Investigating petrophysical properties of gas hydrate-bearing sediments using digital rock technology: A microscopic perspective

Natural gas hydrates are crystalline solid complexes with different morphologies found in marine sediments and permafrost zones. The petrophysical properties of gas hydrate-bearing sediments (GHBS) are crucial for understanding the characteristics of gas hydrate reservoirs, the spatial distribution of natural gas hydrates, and their exploitation potential. Geophysical exploration remains the primary approach for investigating the petrophysical properties of GHBS. However, limitations in resolution make it challenging to accurately characterize complex sediment structures, leading to difficulties in precisely interpreting petrophysical properties. Laboratory-based petrophysical experiments provide highly accurate results for petrophysical properties. Despite their accuracy, these experiments are costly, and difficulties in controlling variables may introduce uncertainties into geophysical exploration models. Advances in imaging and simulation techniques have established digital rock technology as an indispensable tool for enhancing petrophysical experimentation. This technology offers a novel microscopic perspective for elucidating the three-dimensional (3D) spatial distribution and multi-physical responses of GHBS. This paper presents an in-depth discussion of digital rock technology as applied to GHBS, with an emphasis on digital rock reconstruction and simulation of petrophysical properties. First, we summarize two common methods for constructing digital rocks of GHBS: petrophysical experimental methods and numerical reconstruction methods, followed by analyses of their respective advantages and limitations. Next, we delve into numerical simulation methods for evaluating GHBS petrophysical properties, including electrical, elastic, and fluid flow characteristics.

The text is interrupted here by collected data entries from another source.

(* Let $A$ be a DFA over a finite alphabet $\Sigma$ and let $S=s_1,\ldots,s_l$ be a finite sequence of strings in $\Sigma^*$. In any execution of the prefix-free IDS algorithm on $S$ with teacher $A$, for each $t\geq 0$ the hypothesis automaton $M_t$ constructed by the construction procedure after $t$ input strings have been observed is a well-defined DFA; in particular its transition function is a well-defined function assigning a unique next state to every state $E_i(\alpha)$, $\alpha\in T_k$, and every input $b\in\Sigma$.
   Context: Let $A=\langle\Sigma,Q,F,q_0,\delta\rangle$ be a deterministic finite automaton (DFA) with finite input alphabet $\Sigma$, accepted language $L(A)\subseteq\Sigma^*$, and let $\lambda$ denote the empty string. A membership query asks whether a string lies in $L(A)$ and is answered correctly. Let $d_0$ be a fresh symbol not in $\Sigma^*$ and define $f:(\Sigma^*\cup\{d_0\})\times\Sigma\to\Sigma^*\cup\{d_0\}$ by $f(d_0,b)=d_0$ and $f(\alpha,b)=\alpha b$ for $\alpha\in\Sigma^*$. For sets $U,V$, $U\oplus V=(U-V)\cup(V-U)$. Prefix-free IDS algorithm (input: a sequence $S=s_1,\ldots,s_l$ of strings in $\Sigma^*$). It maintains integers $i,k,t$, distinguishing strings $v_0,\ldots,v_i$, sets $P_k\subseteq\Sigma^*$, $P'_k=P_k\cup\{d_0\}$, $T_k\subseteq\Sigma^*$, and for each $\alpha\in T_k$ a set $E_i(\alpha)\subseteq\{v_0,\ldots,v_i\}$; always $E_i(d_0)=\emptyset$. Refinement procedure (for current $k$): while there exist $\alpha,\beta\in P'_k$ and $b\in\Sigma$ with $E_i(\alpha)=E_i(\beta)$ but $E_i(f(\alpha,b))\neq E_i(f(\beta,b))$: choose (nondeterministically) such $\alpha,\beta,b$ and some $\gamma\in E_i(f(\alpha,b))\oplus E_i(f(\beta,b))$, set $v_{i+1}=b\gamma$, increase $i$ by one, and for each $\alpha'\in T_k$ set $E_i(\alpha')=E_{i-1}(\alpha')\cup\{v_i\}$ if $\alpha' v_i\in L(A)$ and $E_i(\alpha')=E_{i-1}(\alpha')$ otherwise. Construction procedure (producing $M_t$): the states are the sets $E_i(\alpha)$, $\alpha\in T_k$; the initial state is $E_i(\lambda)$; the accepting states are those $E_i(\alpha)$ ($\alpha\in T_k$) with $\lambda\in E_i(\alpha)$; transitions: for each $\alpha\in P'_k$, if $E_i(\alpha)=\emptyset$ then $\delta(E_i(\alpha),b)=E_i(\alpha)$ for all $b\in\Sigma$, else $\delta(E_i(\alpha),b)=E_i(f(\alpha,b))$ for all $b\in\Sigma$; for each $\beta\in T_k-P'_k$ such that $E_i(\beta)\neq E_i(\alpha)$ for all $\alpha\in P'_k$ and $E_i(\beta)\neq\emptyset$, set $\delta(E_i(\beta),b)=\emptyset$ for all $b\in\Sigma$. Main algorithm: initialize $i=k=t=0$, $v_0=\lambda$, $P_0=\{\lambda\}$, $T_0=\{\lambda\}\cup\Sigma$, and for $\alpha\in T_0$ let $E_0(\alpha)=\{\lambda\}$ if $\alpha\in L(A)$, else $\emptyset$; run the refinement procedure, then the construction procedure, giving $M_0$. Then for each string $\alpha$ of $S$ in order: increase $k$ and $t$ by one; $P_k=P_{k-1}\cup\{\alpha\}$; $T_k=T_{k-1}\cup\{\alpha\}\cup\{\alpha b: b\in\Sigma\}$; for each $\beta\in T_k-T_{k-1}$ set $E_i(\beta)=\{v_j: 0\le j\le i,\ \beta v_j\in L(A)\}$; run the refinement procedure; if $M_{t-1}$ accepts $\alpha$ exactly when $\alpha\in L(A)$ then $M_t=M_{t-1}$, else $M_t$ is produced by the construction procedure. The algorithm stops when $S$ is exhausted. *)

theory Defs
  imports Main
begin

definition is_dfa :: "'a set \<Rightarrow> 's set \<Rightarrow> 's set \<Rightarrow> 's \<Rightarrow> ('s \<Rightarrow> 'a \<Rightarrow> 's) \<Rightarrow> bool" where
  "is_dfa \<Sigma> Q F q0 \<delta> \<longleftrightarrow> finite Q \<and> F \<subseteq> Q \<and> q0 \<in> Q \<and> (\<forall>q\<in>Q. \<forall>b\<in>\<Sigma>. \<delta> q b \<in> Q)"

definition dfa_lang :: "'a set \<Rightarrow> 's set \<Rightarrow> 's \<Rightarrow> ('s \<Rightarrow> 'a \<Rightarrow> 's) \<Rightarrow> 'a list set" where
  "dfa_lang \<Sigma> F q0 \<delta> = {w. set w \<subseteq> \<Sigma> \<and> foldl \<delta> q0 w \<in> F}"

text \<open>Strings are lists; the fresh symbol d0 is None, a string alpha is Some alpha.
  The list vs holds v_0, ..., v_i (so i = length vs - 1).\<close>

record 'a ids_conf =
  vs :: "'a list list"
  Pk :: "'a list set"
  Tk :: "'a list set"
  Ek :: "'a list \<Rightarrow> 'a list set"

definition fD :: "'a list option \<Rightarrow> 'a \<Rightarrow> 'a list option" where
  "fD x b = (case x of None \<Rightarrow> None | Some \<alpha> \<Rightarrow> Some (\<alpha> @ [b]))"

definition EE :: "'a ids_conf \<Rightarrow> 'a list option \<Rightarrow> 'a list set" where
  "EE c x = (case x of None \<Rightarrow> {} | Some \<alpha> \<Rightarrow> Ek c \<alpha>)"

definition Pk' :: "'a ids_conf \<Rightarrow> 'a list option set" where
  "Pk' c = Some ` Pk c \<union> {None}"

definition refine_step :: "'a set \<Rightarrow> 'a list set \<Rightarrow> 'a ids_conf \<Rightarrow> 'a ids_conf \<Rightarrow> bool" where
  "refine_step \<Sigma> L c c' \<longleftrightarrow>
     (\<exists>\<alpha>\<in>Pk' c. \<exists>\<beta>\<in>Pk' c. \<exists>b\<in>\<Sigma>. \<exists>\<gamma>.
        EE c \<alpha> = EE c \<beta> \<and> EE c (fD \<alpha> b) \<noteq> EE c (fD \<beta> b) \<and>
        \<gamma> \<in> (EE c (fD \<alpha> b) - EE c (fD \<beta> b)) \<union> (EE c (fD \<beta> b) - EE c (fD \<alpha> b)) \<and>
        c' = c\<lparr> vs := vs c @ [b # \<gamma>],
               Ek := (\<lambda>\<alpha>'. if \<alpha>' \<in> Tk c \<and> \<alpha>' @ (b # \<gamma>) \<in> L
                            then Ek c \<alpha>' \<union> {b # \<gamma>} else Ek c \<alpha>') \<rparr>)"

definition refinement_done :: "'a set \<Rightarrow> 'a ids_conf \<Rightarrow> bool" where
  "refinement_done \<Sigma> c \<longleftrightarrow>
     \<not> (\<exists>\<alpha>\<in>Pk' c. \<exists>\<beta>\<in>Pk' c. \<exists>b\<in>\<Sigma>. EE c \<alpha> = EE c \<beta> \<and> EE c (fD \<alpha> b) \<noteq> EE c (fD \<beta> b))"

definition init_conf :: "'a set \<Rightarrow> 'a list set \<Rightarrow> 'a ids_conf" where
  "init_conf \<Sigma> L =
     (let T0 = {[]} \<union> {[b] | b. b \<in> \<Sigma>} in
      \<lparr> vs = [[]], Pk = {[]}, Tk = T0,
        Ek = (\<lambda>\<alpha>. if \<alpha> \<in> T0 \<and> \<alpha> \<in> L then {[]} else {}) \<rparr>)"

definition add_string :: "'a set \<Rightarrow> 'a list set \<Rightarrow> 'a list \<Rightarrow> 'a ids_conf \<Rightarrow> 'a ids_conf" where
  "add_string \<Sigma> L \<alpha> c =
     (let T' = Tk c \<union> {\<alpha>} \<union> {\<alpha> @ [b] | b. b \<in> \<Sigma>} in
      c\<lparr> Pk := Pk c \<union> {\<alpha>}, Tk := T',
         Ek := (\<lambda>\<beta>. if \<beta> \<in> T' - Tk c then {v \<in> set (vs c). \<beta> @ v \<in> L} else Ek c \<beta>) \<rparr>)"

text \<open>Executions: ids_run Sigma L S k c means that c is a configuration reachable in some
  execution of the algorithm on S after the first k strings of S have been read
  (k = t), at any point of the subsequent refinement procedure.\<close>
inductive ids_run :: "'a set \<Rightarrow> 'a list set \<Rightarrow> 'a list list \<Rightarrow> nat \<Rightarrow> 'a ids_conf \<Rightarrow> bool"
  for \<Sigma> L S where
  init: "ids_run \<Sigma> L S 0 (init_conf \<Sigma> L)"
| refine: "ids_run \<Sigma> L S k c \<Longrightarrow> refine_step \<Sigma> L c c' \<Longrightarrow> ids_run \<Sigma> L S k c'"
| next_str: "ids_run \<Sigma> L S k c \<Longrightarrow> refinement_done \<Sigma> c \<Longrightarrow> k < length S \<Longrightarrow>
             ids_run \<Sigma> L S (Suc k) (add_string \<Sigma> L (S ! k) c)"

definition hyp_states :: "'a ids_conf \<Rightarrow> 'a list set set" where
  "hyp_states c = Ek c ` Tk c"

definition hyp_init :: "'a ids_conf \<Rightarrow> 'a list set" where
  "hyp_init c = Ek c []"

definition hyp_final :: "'a ids_conf \<Rightarrow> 'a list set set" where
  "hyp_final c = {q \<in> hyp_states c. [] \<in> q}"

text \<open>The transition assignments made by the construction procedure, as a set of
  triples (state, letter, next state).\<close>
definition hyp_trans :: "'a set \<Rightarrow> 'a ids_conf \<Rightarrow> ('a list set \<times> 'a \<times> 'a list set) set" where
  "hyp_trans \<Sigma> c =
     {(EE c \<alpha>, b, if EE c \<alpha> = {} then EE c \<alpha> else EE c (fD \<alpha> b)) | \<alpha> b.
        \<alpha> \<in> Pk' c \<and> b \<in> \<Sigma>}
   \<union> {(Ek c \<beta>, b, {}) | \<beta> b.
        \<beta> \<in> Tk c \<and> Some \<beta> \<notin> Pk' c \<and> (\<forall>\<alpha>\<in>Pk' c. Ek c \<beta> \<noteq> EE c \<alpha>) \<and> Ek c \<beta> \<noteq> {} \<and> b \<in> \<Sigma>}"

end

theory Submission
  imports Defs
begin

text \<open>The transitions of the hypothesis are well defined because the refinement loop only stops
  once the state sets E(\<alpha>) of the prefixes \<alpha> \<in> P' are a congruence for appending a letter,
  so two prefixes naming the same state prescribe the same successor. Every successor
  E(\<alpha> b) is again a state because the table T always contains the one-letter extensions
  of the prefixes in P.\<close>

definition wf_ids_conf :: "'a set \<Rightarrow> 'a ids_conf \<Rightarrow> bool" where
  "wf_ids_conf \<Sigma> c \<longleftrightarrow>
     finite (Tk c) \<and> [] \<in> Tk c \<and> (\<forall>\<alpha>\<in>Pk c. \<forall>b\<in>\<Sigma>. \<alpha> @ [b] \<in> Tk c)"

lemma ids_run_wf_conf:
  assumes "finite \<Sigma>" and "ids_run \<Sigma> L S k c"
  shows "wf_ids_conf \<Sigma> c"
  using assms(2)
proof induction
  case init
  have "{[b] | b. b \<in> \<Sigma>} = (\<lambda>b. [b]) ` \<Sigma>" by auto
  with assms(1) show ?case by (simp add: wf_ids_conf_def init_conf_def Let_def)
next
  case (refine k c c')
  then show ?case by (auto simp: wf_ids_conf_def refine_step_def)
next
  case (next_str k c)
  have "{S ! k @ [b] | b. b \<in> \<Sigma>} = (\<lambda>b. S ! k @ [b]) ` \<Sigma>" by auto
  with assms(1) next_str.IH show ?case
    by (auto simp: wf_ids_conf_def add_string_def Let_def)
qed

lemma refinement_done_EE_cong:
  assumes "refinement_done \<Sigma> c" and "\<alpha> \<in> Pk' c" and "\<beta> \<in> Pk' c" and "b \<in> \<Sigma>"
    and "EE c \<alpha> = EE c \<beta>"
  shows "EE c (fD \<alpha> b) = EE c (fD \<beta> b)"
  using assms unfolding refinement_done_def by blast

definition hyp_succ :: "'a ids_conf \<Rightarrow> 'a list option \<Rightarrow> 'a \<Rightarrow> 'a list set" where
  "hyp_succ c \<alpha> b = (if EE c \<alpha> = {} then {} else EE c (fD \<alpha> b))"

lemma mem_hyp_trans_iff:
  "(q, b, q') \<in> hyp_trans \<Sigma> c \<longleftrightarrow> b \<in> \<Sigma> \<and>
     ((\<exists>\<alpha>\<in>Pk' c. q = EE c \<alpha> \<and> q' = hyp_succ c \<alpha> b) \<or>
      (\<exists>\<beta>\<in>Tk c. q = Ek c \<beta> \<and> q' = {} \<and> Some \<beta> \<notin> Pk' c \<and>
         (\<forall>\<alpha>\<in>Pk' c. q \<noteq> EE c \<alpha>) \<and> q \<noteq> {}))"
  unfolding hyp_trans_def hyp_succ_def by auto

lemma None_in_Pk': "None \<in> Pk' c"
  by (simp add: Pk'_def)

lemma EE_None [simp]: "EE c None = {}"
  by (simp add: EE_def)

lemma hyp_trans_unique:
  assumes "refinement_done \<Sigma> c" and "q \<in> hyp_states c" and "b \<in> \<Sigma>"
  shows "\<exists>!q'. (q, b, q') \<in> hyp_trans \<Sigma> c"
proof (cases "\<exists>\<alpha>\<in>Pk' c. q = EE c \<alpha>")
  case True
  then obtain \<alpha> where \<alpha>: "\<alpha> \<in> Pk' c" "q = EE c \<alpha>" by blast
  show ?thesis
  proof (rule ex1I[of _ "hyp_succ c \<alpha> b"])
    show "(q, b, hyp_succ c \<alpha> b) \<in> hyp_trans \<Sigma> c"
      unfolding mem_hyp_trans_iff using \<alpha> assms(3) by blast
  next
    fix q' assume "(q, b, q') \<in> hyp_trans \<Sigma> c"
    with True obtain \<alpha>' where \<alpha>': "\<alpha>' \<in> Pk' c" "q = EE c \<alpha>'" "q' = hyp_succ c \<alpha>' b"
      unfolding mem_hyp_trans_iff by blast
    have "EE c (fD \<alpha>' b) = EE c (fD \<alpha> b)"
      using refinement_done_EE_cong[OF assms(1) \<alpha>'(1) \<alpha>(1) assms(3)] \<alpha>(2) \<alpha>'(2) by simp
    with \<alpha> \<alpha>' show "q' = hyp_succ c \<alpha> b" by (simp add: hyp_succ_def)
  qed
next
  case False
  from assms(2) obtain \<beta> where \<beta>: "\<beta> \<in> Tk c" "q = Ek c \<beta>"
    by (auto simp: hyp_states_def)
  have "q \<noteq> {}" using False None_in_Pk' by fastforce
  moreover have "Some \<beta> \<notin> Pk' c"
  proof
    assume "Some \<beta> \<in> Pk' c"
    with False \<beta>(2) show False by (force simp: EE_def)
  qed
  ultimately have "(q, b, {}) \<in> hyp_trans \<Sigma> c"
    unfolding mem_hyp_trans_iff using False \<beta> assms(3) by blast
  moreover have "q' = {}" if "(q, b, q') \<in> hyp_trans \<Sigma> c" for q'
    using that False unfolding mem_hyp_trans_iff by blast
  ultimately show ?thesis by blast
qed

lemma hyp_succ_in_states:
  assumes "wf_ids_conf \<Sigma> c" and "\<alpha> \<in> Pk' c" and "b \<in> \<Sigma>"
  shows "hyp_succ c \<alpha> b \<in> hyp_states c \<union> {{}}"
proof (cases \<alpha>)
  case (Some \<alpha>')
  with assms have "\<alpha>' @ [b] \<in> Tk c" by (auto simp: wf_ids_conf_def Pk'_def)
  with Some show ?thesis by (simp add: hyp_succ_def hyp_states_def EE_def fD_def)
qed (simp add: hyp_succ_def)

lemma hyp_trans_target:
  assumes "wf_ids_conf \<Sigma> c" and "(q, b, q') \<in> hyp_trans \<Sigma> c"
  shows "q' \<in> hyp_states c \<union> {{}}"
  using assms hyp_succ_in_states[OF assms(1)] by (auto simp: mem_hyp_trans_iff)

theorem mainTheorem1:
  fixes \<Sigma> :: "'a set" and Q F :: "'s set" and q0 :: 's and \<delta> :: "'s \<Rightarrow> 'a \<Rightarrow> 's"
    and S :: "'a list list" and t :: nat and c :: "'a ids_conf"
  assumes "finite \<Sigma>"
    and "is_dfa \<Sigma> Q F q0 \<delta>"
    and "\<forall>s\<in>set S. set s \<subseteq> \<Sigma>"
    and "ids_run \<Sigma> (dfa_lang \<Sigma> F q0 \<delta>) S t c"
    and "refinement_done \<Sigma> c"
  shows "finite (hyp_states c)
       \<and> hyp_init c \<in> hyp_states c
       \<and> hyp_final c \<subseteq> hyp_states c
       \<and> (\<forall>q\<in>hyp_states c. \<forall>b\<in>\<Sigma>. \<exists>!q'. (q, b, q') \<in> hyp_trans \<Sigma> c)
       \<and> (\<forall>(q, b, q')\<in>hyp_trans \<Sigma> c. q' \<in> hyp_states c \<union> {{}})"
proof -
  have wf: "wf_ids_conf \<Sigma> c" using ids_run_wf_conf[OF assms(1,4)] .
  then have "finite (hyp_states c)" and "hyp_init c \<in> hyp_states c"
    by (simp_all add: wf_ids_conf_def hyp_states_def hyp_init_def)
  moreover have "hyp_final c \<subseteq> hyp_states c" by (auto simp: hyp_final_def)
  ultimately show ?thesis
    using hyp_trans_unique[OF assms(5)] hyp_trans_target[OF wf] by blast
qed

end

Finally, we conduct a comprehensive analysis of the current trends in digital rock reconstruction and petrophysical simulation techniques for GHBS, emphasizing the necessity of multi-scale, multi-component, high-resolution 3D digital rock models to facilitate the precise characterization of complex gas hydrate reservoirs. Future applications of microscopic digital rock technology should be integrated with macroscopic geophysical exploration to enable more comprehensive and precise analyses of GHBS petrophysical properties.